■ Exercise aim: Each line from the start of the entries through the line that contains "x j)^2 \<le>" should be output exactly, please.

■ Task input:
lemma sum_sq_le_sq_sum:
  fixes x :: "'i \<Rightarrow> real"
  assumes "finite J" "\<forall>j\<in>J. 0 \<le> x j"
  shows "(\<Sum>j\<in>J. (x j)^2) \<le> (\<Sum>j\<in>J. x j)^2"
proof -
  have "(\<Sum>j\<in>J. (x j)^2) \<le> (\<Sum>j\<in>J. x j * (\<Sum>k\<in>J. x k))"
    using assms
    by (intro sum_mono) (auto simp: power2_eq_square intro: mult_left_mono member_le_sum)
  also have "\<dots> = (\<Sum>j\<in>J. x j)^2" by (simp add: power2_eq_square sum_distrib_right)
  finally show ?thesis .
qed

lemma sq_sum_le_cost_on:
  assumes "finite J" "\<forall>j\<in>J. 0 \<le> x j"
  shows "(\<Sum>j\<in>J. x j)^2 \<le> cost_on J x"
  using sum_sq_le_sq_sum[OF assms] by (simp add: cost_on_def)

lemma cost_on_nonpos_if_stationary:
  fixes x d :: "'i \<Rightarrow> real"
  assumes J: "finite J" and x: "\<forall>j\<in>J. 0 \<le> x j" and pos: "0 < (\<Sum>j\<in>J. x j)"
    and stationary: "cost_deriv J x d = 0"
  shows "cost_on J d \<le> 0"
proof -
  have "J \<noteq> {}" using pos by auto
  obtain k where k: "k \<in> J" "Max ((\<lambda>j. \<bar>d j\<bar>) ` J) = \<bar>d k\<bar>"
    using obtains_MAX[OF J \<open>J \<noteq> {}\<close>] by blast
  have max: "\<bar>d j\<bar> \<le> \<bar>d k\<bar>" if "j \<in> J" for j
    using J that k(2) Max_ge[of "(\<lambda>j. \<bar>d j\<bar>) ` J"] by auto
  have "(\<Sum>j\<in>J. x j * d j) = (\<Sum>j\<in>J. x j) * (2 * (\<Sum>j\<in>J. d j))"
    using stationary by (simp add: cost_deriv_def) (simp add: algebra_simps)
  then have "(\<Sum>j\<in>J. x j) * (2 * \<bar>\<Sum>j\<in>J. d j\<bar>) = \<bar>\<Sum>j\<in>J. x j * d j\<bar>"
    using pos by (simp add: abs_mult)
  also have "\<dots> \<le> (\<Sum>j\<in>J. x j * \<bar>d k\<bar>)"
    using x max by (intro order_trans[OF sum_abs] sum_mono) (simp add: abs_mult mult_left_mono)
  also have "\<dots> = (\<Sum>j\<in>J. x j) * \<bar>d k\<bar>" by (simp add: sum_distrib_right)
  finally have "2 * \<bar>\<Sum>j\<in>J. d j\<bar> \<le> \<bar>d k\<bar>" using pos by simp
  then have "(2 * \<bar>\<Sum>j\<in>J. d j\<bar>)^2 \<le> \<bar>d k\<bar>^2" by (rule power_mono) simp
  then have "4 * (\<Sum>j\<in>J. d j)^2 \<le> (d k)^2" by (simp add: power_mult_distrib)
  also have "\<dots> \<le> (\<Sum>j\<in>J. (d j)^2)" using J k(1) by (intro member_le_sum) simp_all
  finally show ?thesis unfolding cost_on_def using zero_le_power2[of "\<Sum>j\<in>J. d j"] by linarith
qed

lemma exists_exit_time:
  fixes x d :: "'i \<Rightarrow> real"
  assumes J: "finite J" and x: "\<forall>j\<in>J. 0 < x j" and neg: "\<exists>j\<in>J. d j < 0"
  shows "\<exists>t>0. (\<exists>j\<in>J. x j + t * d j = 0) \<and>
           (\<forall>s\<ge>0. (\<forall>j\<in>J. 0 \<le> x j + s * d j) \<longleftrightarrow> s \<le> t)"
proof -
  define E where "E = (\<lambda>j. x j / - d j) ` {j\<in>J. d j < 0}"
  have E: "finite E" "E \<noteq> {}" using J neg by (auto simp: E_def)
  define t where "t = Min E"
  obtain j0 where j0: "j0 \<in> J" "d j0 < 0" "t = x j0 / - d j0"
    using Min_in[OF E] by (auto simp: t_def E_def)
  have feasible_iff: "0 \<le> x j + s * d j \<longleftrightarrow> s \<le> x j / - d j" if "d j < 0" for j s
    using that by (subst pos_le_divide_eq) auto
  have "(\<forall>j\<in>J. 0 \<le> x j + s * d j) \<longleftrightarrow> s \<le> t" if "s \<ge> 0" for s
  proof -
    have "(\<forall>j\<in>J. 0 \<le> x j + s * d j) \<longleftrightarrow> (\<forall>e\<in>E. s \<le> e)"
    proof (intro iffI ballI)
      fix e assume "\<forall>j\<in>J. 0 \<le> x j + s * d j" "e \<in> E"
      then show "s \<le> e" using feasible_iff unfolding E_def by auto
    next
      fix j assume le: "\<forall>e\<in>E. s \<le> e" and "j \<in> J"
      show "0 \<le> x j + s * d j"
      proof (cases "d j < 0")
        case True
        then show ?thesis using le \<open>j \<in> J\<close> feasible_iff unfolding E_def by auto
      next
        case False
        then show ?thesis using x \<open>j \<in> J\<close> \<open>s \<ge> 0\<close> by (simp add: add_pos_nonneg less_imp_le)
      qed
    qed
    also have "\<dots> \<longleftrightarrow> s \<le> t" unfolding t_def using E by simp
    finally show ?thesis .
  qed
  moreover have "x j0 + t * d j0 = 0" "t > 0" using j0 x by (auto simp: divide_pos_neg)
  ultimately show ?thesis using j0(1) by blast
qed

lemma cost_on_line_minimizer_not_nonneg:
  fixes x d :: "'i \<Rightarrow> real"
  assumes J: "finite J" and convex: "0 < cost_on J d"
    and avoids_0: "\<And>s. \<exists>j\<in>J. x j + s * d j \<noteq> 0"
  defines "s \<equiv> - cost_deriv J x d / (2 * cost_on J d)"
  shows "\<exists>j\<in>J. x j + s * d j < 0"
proof (rule ccontr)
  assume "\<not> ?thesis"
  then have nonneg: "\<forall>j\<in>J. 0 \<le> x j + s * d j" by (simp add: not_less)
  obtain j where "j \<in> J" "x j + s * d j \<noteq> 0" using avoids_0 by blast
  then have "0 < (\<Sum>j\<in>J. x j + s * d j)" using J nonneg by (intro sum_pos2) auto
  moreover have "cost_deriv J (\<lambda>j. x j + s * d j) d = 0"
    using convex unfolding cost_deriv_line by (simp add: s_def)
  ultimately have "cost_on J d \<le> 0" using J nonneg by (intro cost_on_nonpos_if_stationary)
  then show False using convex by simp
qed
lemma reduced_add: "reduced M R1 \<Longrightarrow> reduced M R2 \<Longrightarrow> reduced M (\<lambda>f. R1 f + R2 f)"
proof -
  assume "reduced M R1" "reduced M R2"
  then obtain c1 c2 where "R1 = (\<lambda>f. \<Sum>b\<in>exponent_box M. c1 b * pdpow b f)"
    "R2 = (\<lambda>f. \<Sum>b\<in>exponent_box M. c2 b * pdpow b f)"
    unfolding reduced_def by blast
  then show ?thesis unfolding reduced_def
    by (intro exI[of _ "\<lambda>b. c1 b + c2 b"]) (simp add: distrib_right sum.distrib)
qed

lemma reduced_diff: "reduced M R1 \<Longrightarrow> reduced M R2 \<Longrightarrow> reduced M (\<lambda>f. R1 f - R2 f)"
proof -
  assume "reduced M R1" "reduced M R2"
  then obtain c1 c2 where "R1 = (\<lambda>f. \<Sum>b\<in>exponent_box M. c1 b * pdpow b f)"
    "R2 = (\<lambda>f. \<Sum>b\<in>exponent_box M. c2 b * pdpow b f)"
    unfolding reduced_def by blast
  then show ?thesis unfolding reduced_def
    by (intro exI[of _ "\<lambda>b. c1 b - c2 b"]) (simp add: left_diff_distrib sum_subtractf)
qed

lemma reduced_mult_left: "reduced M R \<Longrightarrow> reduced M (\<lambda>f. r * R f)"
proof -
  assume "reduced M R"
  then obtain c where "R = (\<lambda>f. \<Sum>b\<in>exponent_box M. c b * pdpow b f)"
    unfolding reduced_def by blast
  then show ?thesis unfolding reduced_def
    by (intro exI[of _ "\<lambda>b. r * c b"]) (simp add: sum_distrib_left mult.assoc)
qed

lemma reduced_sum: "finite S \<Longrightarrow> (\<And>x. x \<in> S \<Longrightarrow> reduced M (R x)) \<Longrightarrow> reduced M (\<lambda>f. \<Sum>x\<in>S. R x f)"
proof (induction S rule: finite_induct)
  case empty
  show ?case unfolding reduced_def by (auto intro!: exI[of _ "\<lambda>_. 0"])
next
  case (insert x S)
  then show ?case using reduced_add[of M "R x"] by simp
qed

lemma reduce_lead_coeff_horn_pdpow:
  assumes M: "M \<ge> 1" and b: "b \<in> exponent_box M"
  shows "\<exists>R. reduced M R \<and>
    lideal_cong (range (falling_horn M)) (\<lambda>f. (lead_coeff_horn M k * r) * pdpow (single k 1 + b) f) R"
proof (cases "lookup b k + 1 < M")
  case True
  then have "single k 1 + b \<in> exponent_box M" using b
    by (auto simp: exponent_box_def lookup_add lookup_single when_def)
  then show ?thesis using reduced_pdpow lideal_cong_refl by blast
next
  case False
  with b have bk: "lookup b k = M - 1" by (auto simp: exponent_box_def dest: spec[of _ k])
  define b' where "b' = b - single k (M - 1)"
  have b'k: "lookup b' k = 0" using bk by (simp add: b'_def lookup_minus)
  have b_eq: "b = single k (M - 1) + b'" unfolding b'_def using bk
    by (intro poly_mapping_eqI) (auto simp: lookup_add lookup_minus lookup_single when_def)
  have b_Suc_eq: "single k 1 + b = single k M + b'" using M
    by (simp add: b_eq add.assoc[symmetric] single_add[symmetric])
  define R where "R = (\<lambda>f. (- (r * single (single k M) (of_nat M))) * pdpow b f)"
  text \<open>\<open>\<partial>\<^sup>b\<^sup>' H\<^sub>k\<close> lies in the ideal; as \<open>\<partial>\<^sup>b\<^sup>'\<close> does not involve \<open>x\<^sub>k\<close> it commutes
    with \<open>H\<^sub>k\<close>, so the normal form of \<open>H\<^sub>k\<close> expands it as below.\<close>
  have "r * pdpow b' (falling_horn M k f) = (lead_coeff_horn M k * r) * pdpow (single k 1 + b) f - R f" for f
  proof -
    have "r * pdpow b' (falling_horn M k f) = r * falling_horn M k (pdpow b' f)"
      by (simp only: pdpow_falling_horn_commute[OF b'k])
    also have "\<dots> = r * (lead_coeff_horn M k * pdpow (single k M) (pdpow b' f)
        + single (single k M) (of_nat M) * pdpow (single k (M - 1)) (pdpow b' f))"
      by (simp only: falling_horn_eq[OF M])
    also have "pdpow (single k M) (pdpow b' f) = pdpow (single k 1 + b) f"
      by (simp only: b_Suc_eq pdpow_add comp_apply)
    also have "pdpow (single k (M - 1)) (pdpow b' f) = pdpow b f"
      by (simp only: b_eq pdpow_add comp_apply)
    finally show ?thesis by (simp add: R_def algebra_simps)
  qed
  moreover have "(\<lambda>f. r * pdpow b' (falling_horn M k f)) \<in> lideal (range (falling_horn M))"
    by (intro lideal_mult_left lideal_weylI[OF weyl_pdpow] lideal_gen) simp
  ultimately have "lideal_cong (range (falling_horn M))
      (\<lambda>f. (lead_coeff_horn M k * r) * pdpow (single k 1 + b) f) R"
    unfolding lideal_cong_def by simp
  moreover have "reduced M R" unfolding R_def by (rule reduced_pdpow[OF b])
  ultimately show ?thesis by blast
qed

lemma reduce_lead_coeff_horn_pd:
  assumes M: "M \<ge> 1" and R: "reduced M R"
  shows "\<exists>R'. reduced M R' \<and>
    lideal_cong (range (falling_horn M)) (\<lambda>f. lead_coeff_horn M k * pd k (R f)) R'"
proof -
  let ?G = "range (falling_horn M)" and ?w = "lead_coeff_horn M k" and ?E = "exponent_box M"
  obtain c where c: "R = (\<lambda>f. \<Sum>b\<in>?E. c b * pdpow b f)"
    using R unfolding reduced_def by blast
  have "\<forall>b\<in>?E. \<exists>S. reduced M S \<and> lideal_cong ?G (\<lambda>f. (?w * c b) * pdpow (single k 1 + b) f) S"
    using reduce_lead_coeff_horn_pdpow[OF M] by blast
  then obtain S where S: "\<And>b. b \<in> ?E \<Longrightarrow> reduced M (S b)"
    "\<And>b. b \<in> ?E \<Longrightarrow> lideal_cong ?G (\<lambda>f. (?w * c b) * pdpow (single k 1 + b) f) (S b)"
    by metis
  define R' where "R' = (\<lambda>f. (\<Sum>b\<in>?E. S b f) + (\<Sum>b\<in>?E. (?w * pd k (c b)) * pdpow b f))"
  have "?w * pd k (R f) = (\<Sum>b\<in>?E. (?w * c b) * pdpow (single k 1 + b) f)
      + (\<Sum>b\<in>?E. (?w * pd k (c b)) * pdpow b f)" for f
  proof -
    have "pd k (R f) = (\<Sum>b\<in>?E. c b * pdpow (single k 1 + b) f + pd k (c b) * pdpow b f)"
      by (simp add: c Modules.additive.sum[OF additive_pd] pd_mult pd_pdpow)
    then show ?thesis by (simp add: sum_distrib_left sum.distrib distrib_left mult.assoc)
  qed
  moreover have "lideal_cong ?G
      (\<lambda>f. (\<Sum>b\<in>?E. (?w * c b) * pdpow (single k 1 + b) f) + (\<Sum>b\<in>?E. (?w * pd k (c b)) * pdpow b f)) R'"
    unfolding R'_def
    by (rule lideal_cong_add[OF lideal_cong_sum[OF finite_exponent_box S(2)] lideal_cong_refl])
  moreover have "reduced M R'"
    unfolding R'_def
    by (rule reduced_add[OF reduced_sum[OF finite_exponent_box S(1)]
          reduced_sum[OF finite_exponent_box reduced_pdpow]])
  ultimately show ?thesis by auto
qed

lemma peval_lead_coeff_horn: "peval (lead_coeff_horn M k) (\<lambda>_. 2) = 2 ^ M"
  by (simp add: lead_coeff_horn_def Modules.additive.diff[OF additive_peval] peval_single
      monomial_value_single)

text \<open>Multivariate polynomials are not known to the library to form a domain, so the
  multiplier \<open>q\<close> is certified to be nonzero by its value at \<open>(2, \<dots>, 2)\<close>, where the
  leading coefficients \<open>x\<^sub>k\<^sup>M\<^sup>+\<^sup>1 - x\<^sub>k\<^sup>M\<close> do not vanish.\<close>
lemma reduce_pdpow:
  fixes a :: "'n::finite \<Rightarrow>\<^sub>0 nat"
  assumes M: "M \<ge> 1"
  shows "\<exists>q R. peval q (\<lambda>_. 2) \<noteq> 0 \<and> reduced M R \<and>
    lideal_cong (range (falling_horn M)) (\<lambda>f. q * pdpow a f) R"
proof (induction a rule: exponent_induct)
  case zero
  have "0 \<in> exponent_box M" using M by (simp add: exponent_box_def)
  then have "reduced M (\<lambda>f. 1 * pdpow 0 f)" by (rule reduced_pdpow)
  moreover have "peval (1::'n mpoly) (\<lambda>_. 2) \<noteq> 0" by simp
  ultimately show ?case using lideal_cong_refl by blast
next
  case (step a k)
  let ?G = "range (falling_horn M)" and ?w = "lead_coeff_horn M k"
  obtain q R where q: "peval q (\<lambda>_. 2) \<noteq> 0" and R: "reduced M R"
    and qR: "lideal_cong ?G (\<lambda>f. q * pdpow a f) R"
    using step by blast
  obtain R' where R': "reduced M R'" and wR: "lideal_cong ?G (\<lambda>f. ?w * pd k (R f)) R'"
    using reduce_lead_coeff_horn_pd[OF M R] by blast
  text \<open>Apply \<open>w q \<partial>\<^sub>k\<close> to \<open>q \<partial>\<^sup>a \<equiv> R\<close> and cancel the Leibniz term \<open>w q (\<partial>\<^sub>k q) \<partial>\<^sup>a\<close>
    with \<open>w (\<partial>\<^sub>k q) R\<close>.\<close>
  have "lideal_cong ?G (\<lambda>f. (?w * q) * pd k (q * pdpow a f)) (\<lambda>f. (?w * q) * pd k (R f))"
    by (rule lideal_cong_mult_left[OF lideal_cong_weyl[OF weyl_d qR]])
  also have "lideal_cong ?G (\<lambda>f. (?w * q) * pd k (R f)) (\<lambda>f. q * R' f)"
    using lideal_cong_mult_left[OF wR, of q] by (simp add: mult_ac)
  finally have "lideal_cong ?G
      (\<lambda>f. (?w * q) * pd k (q * pdpow a f) - (?w * pd k q) * (q * pdpow a f))
      (\<lambda>f. q * R' f - (?w * pd k q) * R f)"
    by (rule lideal_cong_diff[OF _ lideal_cong_mult_left[OF qR]])
  moreover have "(?w * q) * pd k (q * pdpow a f) - (?w * pd k q) * (q * pdpow a f)
      = (?w * q * q) * pdpow (a + single k 1) f" for f
    by (simp add: pd_mult pd_pdpow add.commute algebra_simps)
  moreover have "reduced M (\<lambda>f. q * R' f - (?w * pd k q) * R f)"
    by (intro reduced_diff reduced_mult_left R R')
  moreover have "peval (?w * q * q) (\<lambda>_. 2) \<noteq> 0"
    using q by (simp add: peval_mult peval_lead_coeff_horn)
  ultimately show ?case by auto
qed

lemma holonomic_falling_horn:
  assumes "M \<ge> 1"
  shows "holonomic (falling_P M) (falling_Q M :: 'n::finite \<Rightarrow> _)"
  unfolding holonomic_def
proof (intro exI[of _ "exponent_box M"] conjI allI)
  fix a :: "'n \<Rightarrow>\<^sub>0 nat"
  obtain q R where q: "peval q (\<lambda>_. 2) \<noteq> 0" and R: "reduced M R"
    and qR: "lideal_cong (range (falling_horn M)) (\<lambda>f. q * pdpow a f) R"
    using reduce_pdpow[OF assms] by blast
  obtain c where "R = (\<lambda>f. \<Sum>b\<in>exponent_box M. c b * pdpow b f)"
    using R unfolding reduced_def by blast
  then have "(\<lambda>f. mulop q (pdpow a f) - (\<Sum>b\<in>exponent_box M. mulop (c b) (pdpow b f)))
      \<in> lideal (range (falling_horn M))"
    using qR by (simp add: lideal_cong_def mulop_def)
  moreover have "q \<noteq> 0" using q by auto
  ultimately show "\<exists>q c. q \<noteq> 0 \<and> (\<lambda>f. mulop q (pdpow a f) - (\<Sum>b\<in>exponent_box M. mulop (c b) (pdpow b f)))
      \<in> lideal (range (falling_horn M))"
    by blast
qed (rule finite_exponent_box)

lemma lookup_poly_in_var:
  "lookup (poly_in_var j v) m = (if m = single j (lookup m j) then coeff v (lookup m j) else 0)"
proof -
  have single_eq_iff: "(single j k = m) = (k = lookup m j \<and> m = single j (lookup m j))" for k
    by auto
  have "lookup (poly_in_var j v) m = (\<Sum>k\<le>degree v. coeff v k when single j k = m)"
    by (simp add: poly_in_var_def lookup_sum lookup_single)
  also have "\<dots> = (\<Sum>k\<le>degree v. if k = lookup m j \<and> m = single j (lookup m j) then coeff v k else 0)"
    by (rule sum.cong) (simp_all only: when_def single_eq_iff)
  also have "\<dots> = (if m = single j (lookup m j) then coeff v (lookup m j) else 0)"
    by (cases "m = single j (lookup m j)") (simp_all add: coeff_eq_0 not_le)
  finally show ?thesis .
qed

lemma keys_poly_in_var: "keys (poly_in_var j v) = (\<lambda>k. single j k) ` {k. coeff v k \<noteq> 0}"
  by (auto simp: in_keys_iff lookup_poly_in_var split: if_splits)

lemma poly_in_var_eq_0_iff: "poly_in_var j v = 0 \<longleftrightarrow> v = 0"
proof
  assume "poly_in_var j v = 0"
  then have "coeff v k = 0" for k
    using lookup_poly_in_var[of j v "single j k"] by simp
  then show "v = 0" by (simp add: poly_eq_iff)
qed (simp add: poly_in_var_def)

lemma tdeg_poly_in_var: "tdeg (poly_in_var (j::'n::finite) v) = degree v"
proof (cases "v = 0")
  case False
  have "(\<lambda>m::'n \<Rightarrow>\<^sub>0 nat. \<Sum>k\<in>UNIV. lookup m k) ` keys (poly_in_var j v) = {k. coeff v k \<noteq> 0}"
    by (simp add: keys_poly_in_var image_image sum_lookup_single)
  moreover have "Max {k. coeff v k \<noteq> 0} = degree v"
  proof (rule Max_eqI)
    show "finite {k. coeff v k \<noteq> 0}"
      by (rule finite_subset[of _ "{..degree v}"]) (auto intro: le_degree)
  qed (auto intro: le_degree simp: False)
  ultimately show ?thesis using False by (simp add: tdeg_def poly_in_var_eq_0_iff)
qed (simp add: tdeg_def poly_in_var_def)

lemma nonconfluent_falling_horn: "M \<ge> 1 \<Longrightarrow> nonconfluent (falling_P M) (falling_Q M :: 'n::finite \<Rightarrow> _)"
  by (simp add: nonconfluent_def falling_P_def falling_Q_def tdeg_poly_in_var degree_pcompose
      degree_falling_poly)

text \<open>Since \<open>P\<^sub>j(s) = Q\<^sub>j(s + e\<^sub>j)\<close>, the constant coefficient \<open>\<phi> = 1\<close> defines the system.\<close>
lemma horn_system_falling_horn: "horn_system (falling_P M) (falling_Q M :: 'n::finite \<Rightarrow> _)"
  unfolding horn_system_def
proof (intro conjI allI exI[of _ "\<lambda>_. 1"] exI[of _ UNIV])
  show "falling_Q M j \<noteq> 0" for j :: 'n
    by (simp add: falling_Q_def poly_in_var_eq_0_iff falling_poly_def)
  show "\<forall>s\<in>UNIV. (1::complex) \<noteq> 0 \<and>
      (\<forall>j. 1 * peval (falling_Q M j) (shift s j) = peval (falling_P M j) s * 1)"
    by (simp add: falling_Q_def falling_P_def peval_poly_in_var shift_def poly_pcompose add.commute)
qed simp_all
text \<open>Insertion into a subtree; second component: the median key of the
  receiving leaf if that leaf splits.\<close>
function ins :: "nat \<Rightarrow> nat \<Rightarrow> btree \<Rightarrow> ires \<times> nat option" where
  "ins m x (Node ks cs) =
     (if cs = [] then
        (let ks' = insort x ks in
           (split_node m ks' [], if length ks' > 2 * m then Some (ks' ! m) else None))
      else
        (let i = min (length (filter (\<lambda>k. k < x) ks)) (length cs - 1) in
           (case ins m x (cs ! i) of
              (Fit c, med) \<Rightarrow> (Fit (Node ks (cs[i := c])), med)
            | (Split l k r, med) \<Rightarrow>
                (split_node m (take i ks @ k # drop i ks)
                              (take i cs @ l # r # drop (Suc i) cs), med))))"
  by pat_completeness auto
termination
  apply (relation "measure (\<lambda>(m, x, t). size t)")
   apply simp
  apply (simp add: Let_def)
  by (metis diff_less length_greater_0_conv less_numeral_extra(1) min_less_iff_disj
      nth_mem size_list_estimation' order_refl less_Suc_eq_le)

definition insert_key :: "nat \<Rightarrow> nat \<Rightarrow> btree \<Rightarrow> btree \<times> nat option" where
  "insert_key m x t =
     (case ins m x t of
        (Fit t', med) \<Rightarrow> (t', med)
      | (Split l k r, med) \<Rightarrow> (Node [k] [l, r], med))"

fun steps :: "nat \<Rightarrow> btree \<Rightarrow> nat list \<Rightarrow> (btree \<times> nat option) list" where
  "steps m t [] = []"
| "steps m t (x # xs) =
     (let (t', med) = insert_key m x t in (t', med) # steps m t' xs)"

definition final_tree :: "nat \<Rightarrow> nat list \<Rightarrow> btree" where
  "final_tree m p = foldl (\<lambda>t x. fst (insert_key m x t)) (Node [] []) p"

text \<open>History (T_1,...,T_n) up to isomorphism.\<close>
definition history :: "nat \<Rightarrow> nat list \<Rightarrow> shp list" where
  "history m p = map (shape \<circ> fst) (steps m (Node [] []) p)"

text \<open>Medians K_{i_1},...,K_{i_{n_1}} of the splitting leaves, in time order.\<close>
definition leaf_medians :: "nat \<Rightarrow> nat list \<Rightarrow> nat list" where
  "leaf_medians m p = List.map_filter snd (steps m (Node [] []) p)"

text \<open>Standardisation: the order-isomorphic permutation of {1..length xs}.\<close>
definition std :: "nat list \<Rightarrow> nat list" where
  "std xs = map (\<lambda>x. card {y \<in> set xs. y \<le> x}) xs"

definition pi1 :: "nat \<Rightarrow> nat list \<Rightarrow> nat list" where
  "pi1 m p = std (leaf_medians m p)"

text \<open>A permutation in S_n, as the list (pi(1),...,pi(n)).\<close>
definition is_perm :: "nat \<Rightarrow> nat list \<Rightarrow> bool" where
  "is_perm n p \<longleftrightarrow> distinct p \<and> set p = {1..n}"

end

theory Submission
  imports Defs "HOL-Library.Sublist"
begin

text \<open>
  If the receiving leaf does not split,
  the internal keys and the number of leaves stay the same.  If it splits and it is the j-th leaf
  from the left, the median becomes the j-th internal key in symmetric order and the sequence of
  leaf sizes changes exactly at position j, from 2m to m, m.  The leaf sizes are read off the shape,
  and for m \<ge> 1 the position j is recovered from them, so a history fixes at every split the rank
  of the new median among the internal keys present at that time; hence the medians of two
  permutations with the same history are order-isomorphic.

  Moreover, for a tree of height at least one, deleting the leaves commutes with insertion: an
  insertion without leaf split does not change T^(1), and one with a leaf split acts on T^(1) as
  the insertion of the median.  So T^(1) is built by inserting the medians in order, and inserting
  the order-isomorphic sequence \<pi>^(1) instead gives a tree of the same shape.
\<close>

fun interleave :: "'a list list \<Rightarrow> 'a list \<Rightarrow> 'a list" where
  "interleave [] K = []"
| "interleave (x # X) [] = x"
| "interleave (x # X) (k # K) = x @ k # interleave X K"

lemma length_interleave:
  "length X = Suc (length K) \<Longrightarrow> length (interleave X K) = sum_list (map length X) + length K"
  by (induction X K rule: interleave.induct) auto

lemma set_interleave:
  "length X = Suc (length K) \<Longrightarrow> set (interleave X K) = \<Union> (set ` set X) \<union> set K"
  by (induction X K rule: interleave.induct) auto

lemma interleave_split_at:
  "j < length K \<Longrightarrow> length X = Suc (length K) \<Longrightarrow>
   interleave X K = interleave (take (Suc j) X) (take j K) @ K ! j # interleave (drop (Suc j) X) (drop (Suc j) K)"
proof (induction j arbitrary: X K)
  case 0
  then show ?case by (cases X; cases K) auto
next
  case (Suc j)
  then show ?case by (cases X; cases K) auto
qed

lemma interleave_splice:
  "i < length X \<Longrightarrow> length X = Suc (length K) \<Longrightarrow>
   interleave (take i X @ a # b # drop (Suc i) X) (take i K @ k # drop i K) = interleave (X[i := a @ k # b]) K"
proof (induction i arbitrary: X K)
  case 0
  then show ?case by (cases X; cases K; cases "tl X") auto
next
  case (Suc i)
  then show ?case by (cases X; cases K) auto
qed

lemma interleave_update_eq:
  "i < length X \<Longrightarrow> length X = Suc (length K) \<Longrightarrow>
   \<exists>P Q. (\<forall>Y. interleave (X[i := Y]) K = P @ Y @ Q) \<and> length P = sum_list (map length (take i X)) + i"
proof (induction i arbitrary: X K)
  case 0
  then obtain x X' where X: "X = x # X'" by (cases X) auto
  show ?case
  proof (cases K)
    case Nil
    then show ?thesis using X by (intro exI[of _ "[]"]) auto
  next
    case (Cons k K')
    then show ?thesis using X by (intro exI[of _ "[]"] exI[of _ "k # interleave X' K'"]) auto
  qed
next
  case (Suc i)
  then obtain x X' k K' where X: "X = x # X'" and K: "K = k # K'" by (cases X; cases K) auto
  obtain P Q where "\<forall>Y. interleave (X'[i := Y]) K' = P @ Y @ Q"
    and "length P = sum_list (map length (take i X')) + i"
    using Suc.IH[of X' K'] Suc.prems X K by auto
  then show ?case using X K by (intro exI[of _ "x @ k # P"] exI[of _ Q]) auto
qed

lemma sorted_wrt_interleave:
  "sorted_wrt R (interleave X K) \<Longrightarrow> length X = Suc (length K) \<Longrightarrow>
   sorted_wrt R K \<and> (\<forall>x\<in>set X. sorted_wrt R x)"
  by (induction X K rule: interleave.induct) (auto simp: sorted_wrt_append set_interleave)

lemma subseq_interleave_mono: "list_all2 subseq X Y \<Longrightarrow> subseq (interleave X K) (interleave Y K)"
proof (induction X K arbitrary: Y rule: interleave.induct)
  case (2 x X)
  then show ?case by (cases Y) auto
next
  case (3 x X k K)
  then show ?case by (cases Y) (auto intro: list_emb_append_mono)
qed simp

■ Output for this exercise:
lemma sum_sq_le_sq_sum:
  fixes x :: "'i \<Rightarrow> real"
  assumes "finite J" "\<forall>j\<in>J. 0 \<le> x j"
  shows "(\<Sum>j\<in>J. (x j)^2) \<le> (\<Sum>j\<in>J. x j)^2"
proof -
  have "(\<Sum>j\<in>J. (x j)^2) \<le> (\<Sum>j\<in>J. x j * (\<Sum>k\<in>J. x k))"
    using assms
    by (intro sum_mono) (auto simp: power2_eq_square intro: mult_left_mono member_le_sum)
  also have "\<dots> = (\<Sum>j\<in>J. x j)^2" by (simp add: power2_eq_square sum_distrib_right)
  finally show ?thesis .
qed

lemma sq_sum_le_cost_on:
  assumes "finite J" "\<forall>j\<in>J. 0 \<le> x j"
  shows "(\<Sum>j\<in>J. x j)^2 \<le> cost_on J x"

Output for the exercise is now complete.